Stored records
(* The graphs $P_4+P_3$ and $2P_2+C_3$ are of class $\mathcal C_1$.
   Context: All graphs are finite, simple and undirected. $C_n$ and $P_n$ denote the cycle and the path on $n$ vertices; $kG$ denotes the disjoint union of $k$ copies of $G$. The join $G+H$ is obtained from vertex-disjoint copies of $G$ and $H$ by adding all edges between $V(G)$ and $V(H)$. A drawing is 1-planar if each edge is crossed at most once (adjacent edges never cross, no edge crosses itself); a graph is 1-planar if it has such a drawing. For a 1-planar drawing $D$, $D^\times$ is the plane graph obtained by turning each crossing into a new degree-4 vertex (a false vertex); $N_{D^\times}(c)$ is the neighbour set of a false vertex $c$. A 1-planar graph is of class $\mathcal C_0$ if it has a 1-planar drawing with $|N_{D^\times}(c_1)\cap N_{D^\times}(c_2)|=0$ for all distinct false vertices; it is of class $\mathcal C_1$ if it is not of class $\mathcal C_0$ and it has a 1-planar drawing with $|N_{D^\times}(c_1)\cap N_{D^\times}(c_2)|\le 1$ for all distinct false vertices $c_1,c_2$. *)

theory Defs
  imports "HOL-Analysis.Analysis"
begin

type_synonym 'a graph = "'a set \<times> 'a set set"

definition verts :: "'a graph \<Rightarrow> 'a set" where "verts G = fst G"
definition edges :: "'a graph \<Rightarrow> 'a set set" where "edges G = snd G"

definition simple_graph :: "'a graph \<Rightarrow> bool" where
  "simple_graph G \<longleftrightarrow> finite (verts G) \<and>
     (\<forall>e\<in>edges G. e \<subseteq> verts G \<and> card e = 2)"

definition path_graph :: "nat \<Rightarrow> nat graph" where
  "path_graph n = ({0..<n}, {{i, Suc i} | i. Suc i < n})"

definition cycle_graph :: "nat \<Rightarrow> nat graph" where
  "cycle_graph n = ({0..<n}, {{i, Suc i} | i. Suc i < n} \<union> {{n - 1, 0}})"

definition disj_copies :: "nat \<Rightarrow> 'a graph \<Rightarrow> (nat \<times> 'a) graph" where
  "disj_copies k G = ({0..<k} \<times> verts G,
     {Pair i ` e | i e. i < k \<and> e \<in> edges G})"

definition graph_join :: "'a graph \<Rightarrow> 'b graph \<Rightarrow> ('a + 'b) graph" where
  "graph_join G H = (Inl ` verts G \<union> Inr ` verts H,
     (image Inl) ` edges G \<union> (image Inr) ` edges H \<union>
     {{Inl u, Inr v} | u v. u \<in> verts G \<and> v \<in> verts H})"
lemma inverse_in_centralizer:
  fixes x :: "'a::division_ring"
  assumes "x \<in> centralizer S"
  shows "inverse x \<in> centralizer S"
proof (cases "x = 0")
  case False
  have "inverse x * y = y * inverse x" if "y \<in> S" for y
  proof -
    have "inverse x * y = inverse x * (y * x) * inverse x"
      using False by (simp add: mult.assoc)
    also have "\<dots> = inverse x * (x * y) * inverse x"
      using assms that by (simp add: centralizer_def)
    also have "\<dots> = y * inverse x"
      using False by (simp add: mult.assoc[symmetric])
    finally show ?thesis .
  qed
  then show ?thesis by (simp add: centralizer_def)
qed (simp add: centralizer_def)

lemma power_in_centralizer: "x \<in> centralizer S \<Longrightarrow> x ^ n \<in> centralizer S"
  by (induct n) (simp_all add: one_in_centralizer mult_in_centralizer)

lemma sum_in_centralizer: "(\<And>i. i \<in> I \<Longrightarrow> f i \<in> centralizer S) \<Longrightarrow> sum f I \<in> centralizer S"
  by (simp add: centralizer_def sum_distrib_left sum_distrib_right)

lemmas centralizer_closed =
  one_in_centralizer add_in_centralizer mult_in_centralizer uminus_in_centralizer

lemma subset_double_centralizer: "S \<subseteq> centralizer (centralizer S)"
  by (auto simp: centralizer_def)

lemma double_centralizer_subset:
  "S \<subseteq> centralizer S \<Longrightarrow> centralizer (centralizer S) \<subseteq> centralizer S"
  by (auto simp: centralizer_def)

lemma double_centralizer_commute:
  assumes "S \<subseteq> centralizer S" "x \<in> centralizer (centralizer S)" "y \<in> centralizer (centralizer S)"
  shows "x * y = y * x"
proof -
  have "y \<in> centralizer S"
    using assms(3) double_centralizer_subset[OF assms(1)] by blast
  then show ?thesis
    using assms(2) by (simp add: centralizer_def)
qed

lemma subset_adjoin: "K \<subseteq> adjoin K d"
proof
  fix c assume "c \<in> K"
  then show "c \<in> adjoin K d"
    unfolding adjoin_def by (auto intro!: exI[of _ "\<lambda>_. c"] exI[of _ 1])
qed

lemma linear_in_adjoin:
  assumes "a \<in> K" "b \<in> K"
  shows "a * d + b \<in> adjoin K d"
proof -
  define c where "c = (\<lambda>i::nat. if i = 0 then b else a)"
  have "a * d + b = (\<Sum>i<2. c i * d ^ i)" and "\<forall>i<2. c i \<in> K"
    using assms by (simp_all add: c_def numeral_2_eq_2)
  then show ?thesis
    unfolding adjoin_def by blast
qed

- _DIRECTIONS FOR THIS TASK_:
Set the records above down again. Match them exactly.

- _EXERCISE RESULT_:
(* The graphs $P_4+P_3$ and $2P_2+C_3$ are of class $\mathcal C_1$.
   Context: All graphs are finite, simple and undirected. $C_n$ and $P_n$ denote the cycle and the path on $n$ vertices; $kG$ denotes the disjoint union of $k$ copies of $G$. The join $G+H$ is obtained from vertex-disjoint copies of $G$ and $H$ by adding all edges between $V(G)$ and $V(H)$. A drawing is 1-planar if each edge is crossed at most once (adjacent edges never cross, no edge crosses itself); a graph is 1-planar if it has such a drawing. For a 1-planar drawing $D$, $D^\times$ is the plane graph obtained by turning each crossing into a new degree-4 vertex (a false vertex); $N_{D^\times}(c)$ is the neighbour set of a false vertex $c$. A 1-planar graph is of class $\mathcal C_0$ if it has a 1-planar drawing with $|N_{D^\times}(c_1)\cap N_{D^\times}(c_2)|=0$ for all distinct false vertices; it is of class $\mathcal C_1$ if it is not of class $\mathcal C_0$ and it has a 1-planar drawing with $|N_{D^\times}(c_1)\cap N_{D^\times}(c_2)|\le 1$ for all distinct false vertices $c_1,c_2$. *)

theory Defs
  imports "HOL-Analysis.Analysis"
begin

type_synonym 'a graph = "'a set \<times> 'a set set"

definition verts :: "'a graph \<Rightarrow> 'a set" where "verts G = fst G"
definition edges :: "'a graph \<Rightarrow> 'a set set" where "edges G = snd G"

definition simple_graph :: "'a graph \<Rightarrow> bool" where
  "simple_graph G \<longleftrightarrow> finite (verts G) \<and>
     (\<forall>e\<in>edges G. e \<subseteq> verts G \<and> card e = 2)"

definition path_graph :: "nat \<Rightarrow> nat graph" where
  "path_graph n = ({0..<n}, {{i, Suc i} | i. Suc i < n})"

definition cycle_graph :: "nat \<Rightarrow> nat graph" where
  "cycle_graph n = ({0..<n}, {{i, Suc i} | i. Suc i < n} \<union> {{n - 1, 0}})"

definition disj_copies :: "nat \<Rightarrow> 'a graph \<Rightarrow> (nat \<times> 'a) graph" where
  "disj_copies k G = ({0..<k} \<times> verts G,
     {Pair i ` e | i e. i < k \<and> e \<in> edges G})"

definition graph_join :: "'a graph \<Rightarrow> 'b graph \<Rightarrow> ('a + 'b) graph" where
  "graph_join G H = (Inl ` verts G \<union> Inr ` verts H,
     (image Inl) ` edges G \<union> (image Inr) ` edges H \<union>
     {{Inl u, Inr v} | u v. u \<in> verts G \<and> v \<in> verts H})"
lemma inverse_in_centralizer:
  fixes x :: "'a::division_ring"
  assumes "x \<in> centralizer S"
  shows "inverse x \<in> centralizer S"
proof (cases "x = 0")
  case False
  have "inverse x * y = y * inverse x" if "y \<in> S" for y
  proof -
    have "inverse x * y = inverse x * (y * x) * inverse x"
      using False by (simp add: mult.assoc)
    also have "\<dots> = inverse x * (x * y) * inverse x"
      using assms that by (simp add: centralizer_def)
    also have "\<dots> = y * inverse x"
      using False by (simp add: mult.assoc[symmetric])
    finally show ?thesis .
  qed
  then show ?thesis by (simp add: centralizer_def)
qed (simp add: centralizer_def)

lemma power_in_centralizer: "x \<in> centralizer S \<Longrightarrow> x ^ n \<in> centralizer S"
  by (induct n) (simp_all add: one_in_centralizer mult_in_centralizer)

lemma sum_in_centralizer: "(\<And>i. i \<in> I \<Longrightarrow> f i \<in> centralizer S) \<Longrightarrow> sum f I \<in> centralizer S"
  by (simp add: centralizer_def sum_distrib_left sum_distrib_right)

lemmas centralizer_closed =
  one_in_centralizer add_in_centralizer mult_in_centralizer uminus_in_centralizer

lemma subset_double_centralizer: "S \<subseteq> centralizer (centralizer S)"
  by (auto simp: centralizer_def)

lemma double_centralizer_subset:
  "S \<subseteq> centralizer S \<Longrightarrow> centralizer (centralizer S) \<subseteq> centralizer S"
  by (auto simp: centralizer_def)

lemma double_centralizer_commute:
  assumes "S \<subseteq> centralizer S" "x \<in> centralizer (centralizer S)" "y \<in> centralizer (centralizer S)"
  shows "x * y = y * x"
proof -
  have "y \<in> centralizer S"
    using assms(3) double_centralizer_subset[OF assms(1)] by blast
  then show ?thesis
    using assms(2) by (simp add: centralizer_def)
qed

lemma subset_adjoin: "K \<subseteq> adjoin K d"
proof
  fix c assume "c \<in> K"
  then show "c \<in> adjoin K d"
    unfolding adjoin_def by (auto intro!: exI[of _ "\<lambda>_. c"] exI[of _ 1])
qed

lemma linear_in_adjoin:
  assumes "a \<in> K" "b \<in> K"
  shows "a * d + b \<in> adjoin K d"
proof -
  define c where "c = (\<lambda>i::nat. if i = 0 then b else a)"
  have "a * d + b = (\<Sum>i<2. c i * d ^ i)" and "\<forall>i<2. c i \<in> K"
    using assms by (simp_all add: c_def numeral_2_eq_2)
  then show ?thesis
    unfolding adjoin_def by blast
qed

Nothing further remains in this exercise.